● **Records provided**

(* Let $S=\{s_1<\dots<s_{k_1}\}$ and $T=\{t_1<\dots<t_{k_2}\}$ be nonempty subsets of $\{1,\dots,n-1\}$ with $\max S+\min T\le n$ and $\min S+\max T\le n$, let $A=T_n\langle S;T\rangle$, $d=\gcd\{s+t: s\in S,t\in T\}$ and $d'=\gcd(d,s_1)$. Suppose that for each $1\le i\le d$ the principal submatrix of the Boolean product $AA^T$ with rows and columns indexed by $\{v\in[n]: v\equiv i\pmod d\}$ is irreducible. Then the competition index of $A$ is at most $$2\big(\lceil n/d\rceil-1\big)\Big(\max\Big\{\Big\lceil\tfrac{t_{k_2}}{s_1}\Big\rceil,\Big\lceil\tfrac{s_{k_1}}{t_1}\Big\rceil\Big\}+1\Big)+2(s_1+t_1).$$
   Context: Boolean arithmetic on $\{0,1\}$: $1+1=1$. $T_n\langle S;T\rangle$ is the $n\times n$ $(0,1)$-matrix whose $(i,j)$-entry is $1$ iff $j-i\in S$ or $i-j\in T$. The competition index of $A$ is the smallest positive integer $q$ such that $A^{q+i}(A^T)^{q+i}=A^{q+r+i}(A^T)^{q+r+i}$ for some $r\ge1$ and all $i\ge0$. *)

theory Defs
  imports Complex_Main
begin

text \<open>Boolean n x n matrices with index set [n] = {1..n}, represented as
  predicates on nat x nat; all operations are False outside [n] x [n].\<close>

type_synonym bmat = "nat \<Rightarrow> nat \<Rightarrow> bool"

definition bmult :: "nat \<Rightarrow> bmat \<Rightarrow> bmat \<Rightarrow> bmat" where
  "bmult n A B = (\<lambda>i j. i \<in> {1..n} \<and> j \<in> {1..n} \<and> (\<exists>k\<in>{1..n}. A i k \<and> B k j))"

definition btrans :: "nat \<Rightarrow> bmat \<Rightarrow> bmat" where
  "btrans n A = (\<lambda>i j. i \<in> {1..n} \<and> j \<in> {1..n} \<and> A j i)"

definition bident :: "nat \<Rightarrow> bmat" where
  "bident n = (\<lambda>i j. i \<in> {1..n} \<and> i = j)"

primrec bpow :: "nat \<Rightarrow> bmat \<Rightarrow> nat \<Rightarrow> bmat" where
  "bpow n A 0 = bident n"
| "bpow n A (Suc k) = bmult n (bpow n A k) A"

definition toeplitz :: "nat \<Rightarrow> nat set \<Rightarrow> nat set \<Rightarrow> bmat" where
  "toeplitz n S T = (\<lambda>i j. i \<in> {1..n} \<and> j \<in> {1..n} \<and>
      ((i < j \<and> j - i \<in> S) \<or> (j < i \<and> i - j \<in> T)))"

definition comp_mat :: "nat \<Rightarrow> bmat \<Rightarrow> nat \<Rightarrow> bmat" where
  "comp_mat n A m = bmult n (bpow n A m) (bpow n (btrans n A) m)"

definition competition_index :: "nat \<Rightarrow> bmat \<Rightarrow> nat" where
  "competition_index n A = (LEAST q. q > 0 \<and>
     (\<exists>r\<ge>1. \<forall>i. comp_mat n A (q + i) = comp_mat n A (q + r + i)))"

definition irreducible_on :: "nat set \<Rightarrow> bmat \<Rightarrow> bool" where
  "irreducible_on V M = (\<forall>u\<in>V. \<forall>v\<in>V. (u, v) \<in> {(x, y). x \<in> V \<and> y \<in> V \<and> M x y}\<^sup>*)"

end

theory Submission
  imports Defs
begin

text \<open>
  Write s1 = Min S, t1 = Min T and N = s1 + t1. A walk of length m in the digraph of
  A = T_n<S;T> moves up by elements of S and down by elements of T; compared with m moves
  up by s1 it is displaced by a drift, a sum of terms s - s1 and -t - s1. Each such term is
  divisible by d, and the two cheapest moves, up by s1 and down by t1, have drift 0 modulo N.
  So the (u, v) entry of A^m (A^T)^m, which asks for a common endpoint of walks of length m
  from u and from v, can only be 1 when u and v are congruent modulo d.

  Conversely, if u and v are congruent modulo d, then u - v is congruent modulo N to a sum of
  fewer than N/d drifts, none of them divisible by N: no block of consecutive terms of a
  shortest such sum vanishes modulo N, and pigeonholing its prefix sums bounds its length.
  Realise these drifts on a walk from v, moves by S near the bottom of [1, n] and moves by T
  near the top, and climb greedily from u. Both walks can then be kept inside the window
  (n - N, n], where they meet because their endpoints agree modulo N. Counting steps shows
  that A^m (A^T)^m is the congruence modulo d for all m beyond the stated bound, so the
  competition index is at most the bound, with period 1.
\<close>

section \<open>Boolean matrix powers as relation powers\<close>

definition arcs :: "bmat \<Rightarrow> nat rel" where
  "arcs A = {(x, y). A x y}"

lemma bpow_in_range: "bpow n A m x y \<Longrightarrow> x \<in> {1..n} \<and> y \<in> {1..n}"
  by (induction m arbitrary: y) (auto simp: bident_def bmult_def)

lemma bpow_iff_relpow:
  assumes "\<And>i j. A i j \<Longrightarrow> i \<in> {1..n} \<and> j \<in> {1..n}"
  shows "bpow n A m x y \<longleftrightarrow> x \<in> {1..n} \<and> (x, y) \<in> arcs A ^^ m"
proof (induction m arbitrary: y)
  case 0
  show ?case by (auto simp: bident_def)
next
  case (Suc m)
  have "bpow n A (Suc m) x y \<longleftrightarrow>
      x \<in> {1..n} \<and> y \<in> {1..n} \<and> (\<exists>k\<in>{1..n}. bpow n A m x k \<and> A k y)"
    by (simp add: bmult_def)
  also have "\<dots> \<longleftrightarrow> x \<in> {1..n} \<and> (\<exists>k. (x, k) \<in> arcs A ^^ m \<and> (k, y) \<in> arcs A)"
    unfolding Suc.IH arcs_def using assms by blast
  also have "\<dots> \<longleftrightarrow> x \<in> {1..n} \<and> (x, y) \<in> arcs A ^^ Suc m"
    by auto
  finally show ?case .
qed

lemma relpow_converse_iff:
  fixes R :: "'a rel"
  shows "(x, y) \<in> (R\<inverse>) ^^ m \<longleftrightarrow> (y, x) \<in> R ^^ m"
proof (induction m arbitrary: y)
  case (Suc m)
  have "(x, y) \<in> (R\<inverse>) ^^ Suc m \<longleftrightarrow> (y, x) \<in> R O R ^^ m"
    using Suc by auto
  also have "\<dots> \<longleftrightarrow> (y, x) \<in> R ^^ Suc m"
    by (simp only: relpow_commute relpow.simps)
  finally show ?case .
qed auto

lemma bpow_btrans:
  assumes A_range: "\<And>i j. A i j \<Longrightarrow> i \<in> {1..n} \<and> j \<in> {1..n}"
  shows "bpow n (btrans n A) m x y \<longleftrightarrow> bpow n A m y x"
proof -
  have btrans_range: "\<And>i j. btrans n A i j \<Longrightarrow> i \<in> {1..n} \<and> j \<in> {1..n}"
    by (simp add: btrans_def)
  have "arcs (btrans n A) = (arcs A)\<inverse>"
    using A_range by (auto simp: arcs_def btrans_def)
  then have "bpow n (btrans n A) m x y \<longleftrightarrow> x \<in> {1..n} \<and> (y, x) \<in> arcs A ^^ m"
    by (simp only: bpow_iff_relpow[OF btrans_range] relpow_converse_iff)
  moreover have "bpow n A m y x \<longleftrightarrow> y \<in> {1..n} \<and> (y, x) \<in> arcs A ^^ m"
    by (rule bpow_iff_relpow[OF A_range])
  ultimately show ?thesis
    using bpow_in_range[of n A m y x] bpow_in_range[of n "btrans n A" m x y] by blast
qed

lemma comp_mat_iff:
  assumes A_range: "\<And>i j. A i j \<Longrightarrow> i \<in> {1..n} \<and> j \<in> {1..n}"
  shows "comp_mat n A m u v \<longleftrightarrow>
    u \<in> {1..n} \<and> v \<in> {1..n} \<and> (\<exists>k. (u, k) \<in> arcs A ^^ m \<and> (v, k) \<in> arcs A ^^ m)"
proof -
  have "comp_mat n A m u v \<longleftrightarrow>
      u \<in> {1..n} \<and> v \<in> {1..n} \<and> (\<exists>k\<in>{1..n}. bpow n A m u k \<and> bpow n A m v k)"
    by (simp add: comp_mat_def bmult_def bpow_btrans[OF A_range])
  also have "\<dots> \<longleftrightarrow>
      u \<in> {1..n} \<and> v \<in> {1..n} \<and> (\<exists>k. (u, k) \<in> arcs A ^^ m \<and> (v, k) \<in> arcs A ^^ m)"
  proof (intro conj_cong refl iffI)
    assume "\<exists>k\<in>{1..n}. bpow n A m u k \<and> bpow n A m v k"
    then obtain k where "bpow n A m u k" "bpow n A m v k" by blast
    then show "\<exists>k. (u, k) \<in> arcs A ^^ m \<and> (v, k) \<in> arcs A ^^ m"
      by (auto simp: bpow_iff_relpow[OF A_range])
  next
    assume "u \<in> {1..n}" "v \<in> {1..n}" "\<exists>k. (u, k) \<in> arcs A ^^ m \<and> (v, k) \<in> arcs A ^^ m"
    then obtain k where "bpow n A m u k" "bpow n A m v k"
      by (auto simp: bpow_iff_relpow[OF A_range])
    then show "\<exists>k\<in>{1..n}. bpow n A m u k \<and> bpow n A m v k"
      using bpow_in_range[of n A m u k] by blast
  qed
  finally show ?thesis .
qed

lemma competition_index_le:
  assumes "0 < q" and "\<And>m. q \<le> m \<Longrightarrow> comp_mat n A m = comp_mat n A q"
  shows "competition_index n A \<le> q"
  unfolding competition_index_def
proof (rule Least_le)
  have "comp_mat n A (q + i) = comp_mat n A q" "comp_mat n A (q + 1 + i) = comp_mat n A q" for i
    by (rule assms(2), simp)+
  then have "\<forall>i. comp_mat n A (q + i) = comp_mat n A (q + 1 + i)"
    by simp
  then show "0 < q \<and> (\<exists>r\<ge>1. \<forall>i. comp_mat n A (q + i) = comp_mat n A (q + r + i))"
    using assms(1) by blast
qed

section \<open>Zero-sum blocks\<close>

lemma dvd_sum_list: "(\<And>x. x \<in> set xs \<Longrightarrow> d dvd x) \<Longrightarrow> d dvd sum_list xs"
  for d :: "'a::comm_semiring_1"
  by (induction xs) auto
(* Let $(X,\mathrm{dist})$ be a metric space, let $d\in\mathbb{N}$ and $\eta>0$. Suppose $\{f_i\}_{i\in I}$ is a partition of unity for $X$ such that (1) for any subset $F\subseteq I$ of cardinality greater than $d+1$, $\prod_{i\in F}f_i=0$; and (2) each $f_i$ is Lipschitz with constant $\eta$. Then for any $r\in\big[0,\frac{1}{\eta(d+1)}\big)$ there is a partition of unity $\{g_i\}_{i\in I}$ for $X$ such that (3) for any $i\in I$, $N_r(\mathrm{supp}(g_i))\subseteq\mathrm{supp}(f_i)^{o}$; and (4) each $g_i$ is Lipschitz with constant $\dfrac{(d+2)\eta}{(1-(d+1)\eta r)^2}$.
   Context: A partition of unity for $X$ is a family of continuous functions $f_i\colon X\to[0,\infty)$ whose supports are contained in a locally finite family of open sets and with $\sum_i f_i(x)=1$ for all $x\in X$. $\mathrm{supp}$ is the closed support, $S^{o}$ the interior of $S$, and $N_r(S)=\{x\in X:\mathrm{dist}(x,S)<r\}$. *)

theory Defs
  imports "HOL-Analysis.Analysis"
begin

definition csupp :: "('a::topological_space \<Rightarrow> real) \<Rightarrow> 'a set" where
  "csupp g = closure {x. g x \<noteq> 0}"

text \<open>Open r-neighbourhood N_r(S) = {x. dist(x,S) < r}; written without infdist so that
  N_r of the empty set is empty (dist(x, empty) = infinity).\<close>
definition nbhd :: "real \<Rightarrow> 'a::metric_space set \<Rightarrow> 'a set" where
  "nbhd r S = {x. \<exists>y\<in>S. dist x y < r}"

definition locally_finite_family :: "'i set \<Rightarrow> ('i \<Rightarrow> 'a::topological_space set) \<Rightarrow> bool" where
  "locally_finite_family I U \<longleftrightarrow>
     (\<forall>x. \<exists>V. open V \<and> x \<in> V \<and> finite {i\<in>I. U i \<inter> V \<noteq> {}})"

definition partition_of_unity :: "'i set \<Rightarrow> ('i \<Rightarrow> 'a::topological_space \<Rightarrow> real) \<Rightarrow> bool" where
  "partition_of_unity I f \<longleftrightarrow>
     (\<forall>i\<in>I. continuous_on UNIV (f i) \<and> (\<forall>x. 0 \<le> f i x)) \<and>
     (\<exists>U. (\<forall>i\<in>I. open (U i) \<and> csupp (f i) \<subseteq> U i) \<and> locally_finite_family I U) \<and>
     (\<forall>x. finite {i\<in>I. f i x \<noteq> 0} \<and> (\<Sum>i\<in>{i\<in>I. f i x \<noteq> 0}. f i x) = 1)"

end

theory Submission
  imports Defs
begin

text \<open>Lower each \<open>f i\<close> by \<open>\<eta> r\<close>, cut off at zero, and renormalise.  At most \<open>d + 1\<close> of the
  \<open>f i\<close> are positive at any point and they sum to one, so the truncated functions still sum
  to at least \<open>1 - (d + 1) \<eta> r > 0\<close>.  Where \<open>g i\<close> is nonzero we have \<open>f i > \<eta> r\<close>, so by the
  Lipschitz bound \<open>f i > 0\<close> on the whole \<open>r\<close>-neighbourhood.  The same observation shows that
  for two points closer than \<open>r\<close> only indices active at both points contribute to the
  normalising sum, which makes that sum \<open>(d + 1) \<eta>\<close>-Lipschitz.  Hence the quotients are even
  \<open>(d + 2) \<eta> / (1 - (d + 1) \<eta> r)\<close>-Lipschitz.\<close>

lemma card_le_if_prod_eq_0:
  fixes a :: "'i \<Rightarrow> 'b::semidom"
  assumes "finite A" and "\<And>i. i \<in> A \<Longrightarrow> a i \<noteq> 0"
    and "\<And>F. F \<subseteq> A \<Longrightarrow> card F > n \<Longrightarrow> prod a F = 0"
  shows "card A \<le> n"
  using assms prod_zero_iff[of A a] by (meson linorder_not_le order_refl)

● **Exercise instructions**
Gather each line from the listing above that holds "noteq".

● **Result of the task**
  "csupp g = closure {x. g x \<noteq> 0}"
     (\<forall>x. \<exists>V. open V \<and> x \<in> V \<and> finite {i\<in>I. U i \<inter> V \<noteq> {}})"
     (\<forall>x. finite {i\<in>I. f i x \<noteq> 0} \<and> (\<Sum>i\<in>{i\<in>I. f i x \<noteq> 0}. f i x) = 1)"
  assumes "finite A" and "\<And>i. i \<in> A \<Longrightarrow> a i \<noteq> 0"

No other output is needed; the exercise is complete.